NSF director Bement to discuss innovation
Arden L. Bement, director of the National Science Foundation, is due at UC Davis next week to give the inaugural talk in the Chancellor’s Colloquia series.
Bement’s talk, “Innovation: An Old American Virtue, a New American Imperative,” is scheduled for 11 a.m. March 5 in the new Conference Center Ballroom, at the campus’s south entry. People planning to attend are asked to arrange reservations by e-mail to eventrsvp@ucdavis.edu.
During his daylong visit to UC Davis, Bement is scheduled to tour such facilities as the MIND Institute and the NSF-funded Center for Biophotonics, and meet with campus leadership and with faculty whose research or teaching is supported through NSF programs and grants.
State water policy, straight from the top
Organizers of the California Water Policy Seminar Series are going right to the top by bringing in the director of the state Department of Water Resources as the next speaker. Lester Snow’s talk, free and open to the public, is scheduled for 4 p.m. March 1 in 216 Wellman Hall.

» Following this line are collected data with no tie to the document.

(* Let $N,d\ge1$, $T>0$, $n\ge 2$, and let $x^n=(x^n_1,\dots,x^n_N)$, $v^n=\dot x^n$ be the solution on $[0,T]$ of the system $\dot x^n_i=v^n_i$, $\dot v^n_i=\frac1N\sum_{k=1}^N(v^n_k-v^n_i)\psi_n(|x^n_i-x^n_k|)$, $i=1,\dots,N$, with initial data $x^n(0),v^n(0)$. Then: 1. $x^n$ is $C^\infty$ in a neighborhood of every time $t$ such that $|x^n_i(t)-x^n_j(t)|>0$ for all $i\ne j$. 2. The average velocity $\frac1N\sum_{i=1}^N v^n_i(t)$ is constant in $t$. 3. There is a constant $M(n)$ with $\|v^n_i\|_{L^\infty([0,T])}\le M(n)$ for all $i$. 4. If the initial data $x^n(0),v^n(0)$ are bounded uniformly in $n$, then there is a constant $M$ independent of $n$ with $\|v^n_i\|_{L^\infty([0,T])}\le M$ for all $i$ and all $n$. 5. $|\dot v^n_i|\le 2M(n)n$. 6. If for some $t$ and some $i,j$ we have $x^n_i(t)=x^n_j(t)$ and $v^n_i(t)=v^n_j(t)$, then $x^n_i\equiv x^n_j$ on $[t,T]$. 7. If at some time $t$ we have $v^n_i(t)=v^n_j(t)$ for all $i,j$, then $v^n$ is constant on $[t,T]$.
   Context: Let $\alpha\in(0,1)$ and $\psi(s)=s^{-\alpha}$ for $s>0$, $\psi(0)=0$. For each $n$, $\psi_n:[0,\infty)\to[0,\infty)$ is defined by $\psi_n(s)=\psi(s)$ for $s\ge (n-1)^{-1/\alpha}$, $\psi_n(s)=n$ for $s\le n^{-1/\alpha}$, and $\psi_n$ smooth and monotone on $[n^{-1/\alpha},(n-1)^{-1/\alpha}]$. For such smooth bounded weights the system has a unique global classical $C^2$ solution. *)

theory Defs
  imports "HOL-Analysis.Analysis"
begin

definition psi :: "real \<Rightarrow> real \<Rightarrow> real" where
  "psi \<alpha> s = (if s > 0 then s powr (-\<alpha>) else 0)"

text \<open>C-infinity on a set S (derivatives taken within S, so relative neighbourhoods
  at boundary points are allowed).\<close>
definition C_inf_on :: "real set \<Rightarrow> (real \<Rightarrow> 'a::real_normed_vector) \<Rightarrow> bool" where
  "C_inf_on S f \<longleftrightarrow> (\<exists>D. D 0 = f \<and>
      (\<forall>k. \<forall>t\<in>S. (D k has_vector_derivative D (Suc k) t) (at t within S)))"

definition psi_trunc :: "real \<Rightarrow> nat \<Rightarrow> (real \<Rightarrow> real) \<Rightarrow> bool" where
  "psi_trunc \<alpha> n p \<longleftrightarrow>
     (\<forall>s. real (n - 1) powr (-1/\<alpha>) \<le> s \<longrightarrow> p s = psi \<alpha> s) \<and>
     (\<forall>s. 0 \<le> s \<and> s \<le> real n powr (-1/\<alpha>) \<longrightarrow> p s = real n) \<and>
     (\<forall>s\<ge>0. p s \<ge> 0) \<and>
     C_inf_on {0<..} p \<and>
     (monotone_on {real n powr (-1/\<alpha>) .. real (n - 1) powr (-1/\<alpha>)} (\<le>) (\<le>) p \<or>
      monotone_on {real n powr (-1/\<alpha>) .. real (n - 1) powr (-1/\<alpha>)} (\<le>) (\<ge>) p)"

definition CS_solution ::
  "nat \<Rightarrow> (real \<Rightarrow> real) \<Rightarrow> real \<Rightarrow> (nat \<Rightarrow> real \<Rightarrow> real^'d) \<Rightarrow> (nat \<Rightarrow> real \<Rightarrow> real^'d) \<Rightarrow> bool"
  where
  "CS_solution N p T x v \<longleftrightarrow>
     (\<forall>i<N. \<forall>t\<in>{0..T}.
        (x i has_vector_derivative v i t) (at t within {0..T}) \<and>
        (v i has_vector_derivative
            ((1 / real N) *\<^sub>R (\<Sum>k<N. p (norm (x i t - x k t)) *\<^sub>R (v k t - v i t))))
          (at t within {0..T}))"

end

(* The truncated weight psi_n is nonnegative, smooth on (0, oo), bounded by n and constant
   near 0, hence Lipschitz on bounded sets. Antisymmetry of the pairwise interaction conserves
   the momentum sum v_i and makes the kinetic energy E = sum |v_i|^2 nonincreasing, so every
   velocity is bounded by sqrt (E 0), which depends on n only through the initial data; the
   acceleration is then at most 2 sqrt (E 0) n. If all velocities agree at time t, E t is the
   least energy compatible with the conserved momentum, so E cannot drop and the velocities
   stay equal. For two particles in the same state, the force difference is Lipschitz in their
   relative state, so |x_i - x_j|^2 + |v_i - v_j|^2 obeys a linear differential inequality and
   stays 0 by Gronwall. Away from collisions the right-hand side is a smooth function of the
   state (|x_i - x_j| is smooth where it is positive), and bootstrapping C^k regularity through
   the equations gives C^oo. *)

theory Submission
  imports Defs
begin

fun Ck_on :: "nat \<Rightarrow> real set \<Rightarrow> (real \<Rightarrow> 'a::real_normed_vector) \<Rightarrow> bool" where
  "Ck_on 0 S f = True"
| "Ck_on (Suc k) S f \<longleftrightarrow> (\<exists>f'. (\<forall>t\<in>S. (f has_vector_derivative f' t) (at t within S)) \<and> Ck_on k S f')"

lemma Ck_on_SucD: "Ck_on (Suc k) S f \<Longrightarrow> Ck_on k S f"
  by (induction k arbitrary: f) auto

lemma Ck_on_SucI:
  "(\<And>t. t \<in> S \<Longrightarrow> (f has_vector_derivative f' t) (at t within S)) \<Longrightarrow> Ck_on k S f' \<Longrightarrow> Ck_on (Suc k) S f"
  by auto

lemma Ck_on_cong:
  assumes "Ck_on k S f" "\<And>t. t \<in> S \<Longrightarrow> f t = g t"
  shows "Ck_on k S g"
proof (cases k)
  case (Suc m)
  with assms obtain f' where f': "\<forall>t\<in>S. (f has_vector_derivative f' t) (at t within S)" "Ck_on m S f'"
    by auto
  have "(g has_vector_derivative f' t) (at t within S)" if "t \<in> S" for t
    using has_vector_derivative_transform_within[OF f'(1)[rule_format, OF that] zero_less_one that] assms(2)
    by auto
  with f' Suc show ?thesis by auto
qed simp

lemma Ck_on_const: "Ck_on k S (\<lambda>t. c)"
  by (induction k arbitrary: c) (auto intro!: exI[of _ "\<lambda>t. 0"])

lemma Ck_on_add: "Ck_on k S f \<Longrightarrow> Ck_on k S g \<Longrightarrow> Ck_on k S (\<lambda>t. f t + g t)"
proof (induction k arbitrary: f g)
  case (Suc k)
  then obtain f' g' where "\<forall>t\<in>S. (f has_vector_derivative f' t) (at t within S)" "Ck_on k S f'"
    "\<forall>t\<in>S. (g has_vector_derivative g' t) (at t within S)" "Ck_on k S g'"
    by auto
  with Suc.IH[of f' g'] show ?case
    by (auto intro!: exI[of _ "\<lambda>t. f' t + g' t"] has_vector_derivative_add)
qed simp
(* Let $a,b>0$ with $ab<1$, let $\varphi\in\mathcal{B}_a$, $f\in\mathcal{B}_b$ and $\theta\ge0$. Then the function $g=\varphi(\Delta_\theta)f$ belongs to $\mathcal{B}_c$ with $c=b(1-ab)^{-1}$, and $$\|g\|_c\le(1-ab)^{-\theta}\|\varphi\|_a\|f\|_b.$$
   Context: For $b>0$ and entire $f$, $\|f\|_b=\sup_{k\in\mathbb{N}_0}b^{-k}|f^{(k)}(0)|$, and $\mathcal{B}_b=\{f \text{ entire}:\|f\|_b<\infty\}$. $\Delta_\theta$ is the operator $\Delta_\theta f=\theta f'+zf''$, and for entire $\varphi,f$, $\varphi(\Delta_\theta)f=\sum_{k=0}^\infty\sum_{m=0}^\infty\frac{\varphi^{(k)}(0)}{k!}\frac{f^{(m)}(0)}{m!}\Delta_\theta^kz^m$. *)

theory Defs
  imports "HOL-Complex_Analysis.Complex_Analysis"
begin

definition entire :: "(complex \<Rightarrow> complex) \<Rightarrow> bool" where
  "entire f \<longleftrightarrow> f holomorphic_on UNIV"

definition Bseqw :: "real \<Rightarrow> (complex \<Rightarrow> complex) \<Rightarrow> nat \<Rightarrow> real" where
  "Bseqw b f k = inverse b ^ k * cmod ((deriv ^^ k) f 0)"

text \<open>The norm ||f||_b = sup_k b^(-k) |f^(k)(0)| (meaningful when the sequence is bounded).\<close>
definition Bnorm :: "real \<Rightarrow> (complex \<Rightarrow> complex) \<Rightarrow> real" where
  "Bnorm b f = (SUP k. Bseqw b f k)"

definition Bspace :: "real \<Rightarrow> (complex \<Rightarrow> complex) set" where
  "Bspace b = {f. entire f \<and> bdd_above (range (Bseqw b f))}"

definition Delta :: "real \<Rightarrow> (complex \<Rightarrow> complex) \<Rightarrow> (complex \<Rightarrow> complex)" where
  "Delta \<theta> f = (\<lambda>z. of_real \<theta> * deriv f z + z * deriv (deriv f) z)"

definition funcalc :: "real \<Rightarrow> (complex \<Rightarrow> complex) \<Rightarrow> (complex \<Rightarrow> complex) \<Rightarrow> (complex \<Rightarrow> complex)" where
  "funcalc \<theta> \<phi> f = (\<lambda>z. \<Sum>k. \<Sum>m. ((deriv ^^ k) \<phi> 0 / fact k) * ((deriv ^^ m) f 0 / fact m)
       * ((Delta \<theta> ^^ k) (\<lambda>w. w ^ m)) z)"

end

theory Submission
  imports Defs
begin

text \<open>Since \<open>\<Delta>\<^sub>\<theta> z^m = m (\<theta> + m - 1) z^(m-1)\<close>, we get
  \<open>\<Delta>\<^sub>\<theta>^k z^m = m!/(m-k)! (\<theta>+m-k)\<^sub>k z^(m-k)\<close>, so the coefficient of \<open>z^n\<close> in \<open>\<phi>(\<Delta>\<^sub>\<theta>)f\<close> is
  \<open>\<Sum>\<^sub>k \<phi>^(k)(0)/k! f^(n+k)(0)/n! (\<theta>+n)\<^sub>k\<close>. By the binomial series its modulus is at most
  \<open>\<parallel>\<phi>\<parallel>\<^sub>a \<parallel>f\<parallel>\<^sub>b b^n/n! \<Sum>\<^sub>k (\<theta>+n)\<^sub>k/k! (ab)^k = (1-ab)^(-\<theta>) \<parallel>\<phi>\<parallel>\<^sub>a \<parallel>f\<parallel>\<^sub>b c^n/n!\<close>.
  The same bound makes the double series absolutely convergent, which justifies collecting it by
  powers of \<open>z\<close>, and a power series whose \<open>n\<close>-th coefficient is at most \<open>K c^n/n!\<close> is entire
  with \<open>\<parallel>\<cdot>\<parallel>\<^sub>c \<le> K\<close>.\<close>

lemma suminf_swap_dominated:
  fixes U :: "nat \<Rightarrow> nat \<Rightarrow> complex" and V :: "nat \<Rightarrow> nat \<Rightarrow> real"
  assumes UV: "\<And>k n. norm (U k n) \<le> V k n"
    and V_sums: "\<And>n. (\<lambda>k. V k n) sums W n" and W: "summable W"
  shows "(\<Sum>k. \<Sum>n. U k n) = (\<Sum>n. \<Sum>k. U k n)"
proof -
  have V_nonneg: "V k n \<ge> 0" for k n
    using UV[of k n] norm_ge_zero order_trans by blast
  have V_has_sum: "((\<lambda>k. V k n) has_sum W n) UNIV" for n
    using V_sums V_nonneg by (intro sums_nonneg_imp_has_sum) auto
  have "W n \<ge> 0" for n
    using V_sums[of n] V_nonneg by (metis sums_unique suminf_nonneg sums_summable)
  then have "W summable_on UNIV"
    using W summable_sums sums_nonneg_imp_has_sum summable_on_def by blast
  then have "(\<lambda>(n,k). V k n) summable_on UNIV \<times> UNIV"
    by (intro summable_on_SigmaI[where g=W]) (use V_has_sum V_nonneg in auto)
  then have "(\<lambda>x. norm ((\<lambda>(n,k). U k n) x)) summable_on UNIV \<times> UNIV"
    by (rule Infinite_Sum.abs_summable_on_comparison_test') (use UV in \<open>auto simp: case_prod_unfold\<close>)
  then have U_nk: "(\<lambda>(n,k). U k n) summable_on UNIV \<times> UNIV"
    by (rule abs_summable_summable)
  then have U_kn: "(\<lambda>(k,n). U k n) summable_on UNIV \<times> UNIV"
    by (subst summable_on_swap) (simp add: case_prod_unfold)
  have infsum_eq: "infsum g UNIV = suminf g" if "g summable_on UNIV" for g :: "nat \<Rightarrow> complex"
    by (metis that has_sum_imp_sums has_sum_infsum sums_unique)
  have "(\<Sum>k. \<Sum>n. U k n) = infsum (\<lambda>k. infsum (\<lambda>n. U k n) UNIV) UNIV"
    using summable_on_SigmaD1[of "\<lambda>k n. U k n", OF U_kn]
      summable_on_Sigma_banach[of "\<lambda>k n. U k n", OF U_kn] by (simp add: infsum_eq)
  also have "\<dots> = infsum (\<lambda>n. infsum (\<lambda>k. U k n) UNIV) UNIV"
    by (rule infsum_swap_banach) (use U_kn in simp)
  also have "\<dots> = (\<Sum>n. \<Sum>k. U k n)"
    using summable_on_SigmaD1[of "\<lambda>n k. U k n", OF U_nk]
      summable_on_Sigma_banach[of "\<lambda>n k. U k n", OF U_nk] by (simp add: infsum_eq)
  finally show ?thesis .
qed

International law: Territorial conflicts
The International Relations Student Association is hosting Stanford Professor Kenneth Schultz for a March 4 lecture: “What’s in a Claim? International Law and the Resolution of Territorial Conflicts Between States.” The program, free and open to the public, is scheduled to start at 12:15 p.m. in 118 Olson Hall.
HP Labs executive to give presentation
Hewlett-Packard research executive Prith Banerjee’s talk in the College of Engineering Dean’s Distinguished Lecture Series is now set for 4 p.m. March 4 in 1065 Kemper Hall, having been postponed from an earlier date. The event is free and open to the public.
Organizers said Banerjee is due to address “Future Research Directions at HP Labs.” Banerjee is HP’s senior vice president of research and director of HP Labs, the company’s central research unit.
Before joining HP, he was the engineering dean at the University of Illinois at Chicago. His research interests are in very large scale integration computer-aided design, parallel computing and compilers.
Apocalyptic Ethics
Faculty, staff and community members are invited to participate (along with undergraduates) in spring quarter’s Religious Studies 10, titled 2012: Apocalyptic Ethics. The two-unit class is scheduled to meet from 3:10 to 4 p.m. Tuesdays and Thursdays from March 30 to June 3 in 1100 Social Sciences and Humanities Building.
Professor Naomi Janowitz’s course examines apocalyptic ideas circulating at the time of Jesus, how Muslims face the end of times, what kind of apocalyptic ideas motivated early modern scientists, and what drives the popularity of the Left Behind novels. Janowitz said there is only one prerequisite: watch 2012,
a recent film portraying cataclysmic events in 2012.